locale coverage_family =
  fixes G :: "real \<Rightarrow> real \<Rightarrow> real" and K :: real
  assumes continuous: "\<And>L. 0 \<le> L \<Longrightarrow> continuous_on UNIV (\<lambda>t. G t L)"
    and lipschitz: "\<And>t L L'. 0 \<le> L \<Longrightarrow> 0 \<le> L' \<Longrightarrow> \<bar>G t L - G t L'\<bar> \<le> K * \<bar>L - L'\<bar>"
    and strict_mono: "\<And>t L L'. 0 \<le> L \<Longrightarrow> L < L' \<Longrightarrow> G t L < G t L'"
    and zero: "\<And>t. G t 0 = 0"
    and tendsto_1: "\<And>t. (\<lambda>n. G t (real n)) \<longlonglongrightarrow> 1"
    and symmetric: "\<And>t L. 0 \<le> L \<Longrightarrow> G (- t) L = G t L"
begin

definition worst_cover :: "real \<Rightarrow> real \<Rightarrow> real" where
  "worst_cover b L = (INF t\<in>{t. \<bar>t\<bar> \<le> b}. G t L)"

lemma worst_cover_attained:
  assumes b: "0 \<le> b" and L: "0 \<le> L"
  obtains t0 where "t0 \<in> {0..b}" "worst_cover b L = G t0 L" "\<And>t. \<bar>t\<bar> \<le> b \<Longrightarrow> G t0 L \<le> G t L"
proof -
  obtain t0 where t0: "t0 \<in> {0..b}" "\<And>t. t \<in> {0..b} \<Longrightarrow> G t0 L \<le> G t L"
    using continuous_attains_inf[of "{0..b}" "\<lambda>t. G t L"] b continuous_on_subset[OF continuous[OF L]]
    by auto
  have min: "G t0 L \<le> G t L" if "\<bar>t\<bar> \<le> b" for t
    using t0(2)[of "\<bar>t\<bar>"] that symmetric[OF L, of t] by (cases "0 \<le> t") auto
  then have "worst_cover b L = G t0 L"
    unfolding worst_cover_def using t0(1) by (intro cInf_eq_minimum) auto
  with t0(1) min show ?thesis
    using that by blast
qed
lemma exists_trace_edge_free_pair:
  assumes "simple_graph V E" "linear_shatter (nbhd V E) V V r" "1 \<le> r" "Z \<subseteq> V" "U \<subseteq> V"
    and "structure_bound r < card (traces (nbhd V E) U Z)"
  obtains x y where "x \<in> Z" "y \<in> Z" "x \<noteq> y" "\<not> trace_edge (nbhd V E) U Z x y"
    "card (traces (nbhd V E) {v \<in> U. odd (card (nbhd V E v \<inter> {x, y}))} Z) \<le> structure_bound r"
proof -
  let ?N = "nbhd V E"
  have fin_V: "finite V" using assms(1) by (simp add: simple_graph_def)
  obtain U' where U': "U' \<subseteq> U" "inj_on (\<lambda>v. ?N v \<inter> Z) U'" "(\<lambda>v. ?N v \<inter> Z) ` U = (\<lambda>v. ?N v \<inter> Z) ` U'"
    using subset_image_inj[THEN iffD1, OF subset_refl[of "(\<lambda>v. ?N v \<inter> Z) ` U"]] by blast
  have U'_V: "U' \<subseteq> V"
    using U'(1) assms(5) by (rule subset_trans)
  then have fin_U': "finite U'"
    using fin_V by (rule finite_subset)
  have card_U': "card U' = card (traces ?N U Z)"
    using U'(2,3) by (simp add: traces_def card_image)
  have "Z \<noteq> {}"
    using assms(3,6) card_traces_empty_le[of ?N U] four_mult_le_structure_bound[OF assms(3)] by auto
  then obtain I where I: "I \<subseteq> Z" "\<forall>x\<in>I. \<forall>y\<in>I. \<not> trace_edge ?N U' Z x y"
    "card U' \<le> r * (2 * r + 1) * card I"
    by (rule exists_independent_set_of_distinct_traces[OF assms(1,2,4) _ U'_V U'(2)])
  moreover have "finite I" "linear_shatter ?N I U' r"
    using I(1) assms(4) fin_V U'_V linear_shatter_mono[OF assms(2) fin_V] by (auto intro: finite_subset)
  ultimately obtain x y where xy: "x \<in> I" "y \<in> I" "x \<noteq> y"
    and close: "card (sym_diff (?N x) (?N y) \<inter> U') < structure_bound r"
    using exists_close_pair[OF _ fin_U' _ assms(3)] assms(6) card_U' by metis
  have "card (traces ?N {v \<in> U. odd (card (?N v \<inter> {x, y}))} Z)
      \<le> card (traces ?N (sym_diff (?N x) (?N y) \<inter> U') Z)"
    using traces_odd_pair_subset[OF assms(1) _ _ xy(3), of Z U U'] xy(1,2) I(1) U'(3) fin_U'
    by (intro card_mono) (auto simp: traces_def)
  also have "\<dots> \<le> card (sym_diff (?N x) (?N y) \<inter> U')"
    using fin_U' by (simp add: traces_def card_image_le)
  finally have "card (traces ?N {v \<in> U. odd (card (?N v \<inter> {x, y}))} Z) \<le> structure_bound r"
    using close by linarith
  moreover have "\<not> trace_edge ?N U Z x y"
    using I(2) xy trace_edge_cong[OF U'(3)] by simp
  moreover have "x \<in> Z" "y \<in> Z"
    using xy(1,2) I(1) by auto
  ultimately show ?thesis
    using xy(3) by (intro that)
qed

- What you are asked to do: Among the lines above, which hold the word "obtains"? Report each one.

- Answer to this problem:
  obtains t0 where "t0 \<in> {0..b}" "worst_cover b L = G t0 L" "\<And>t. \<bar>t\<bar> \<le> b \<Longrightarrow> G t0 L \<le> G t L"
  obtains x y where "x \<in> Z" "y \<in> Z" "x \<noteq> y" "\<not> trace_edge (nbhd V E) U Z x y"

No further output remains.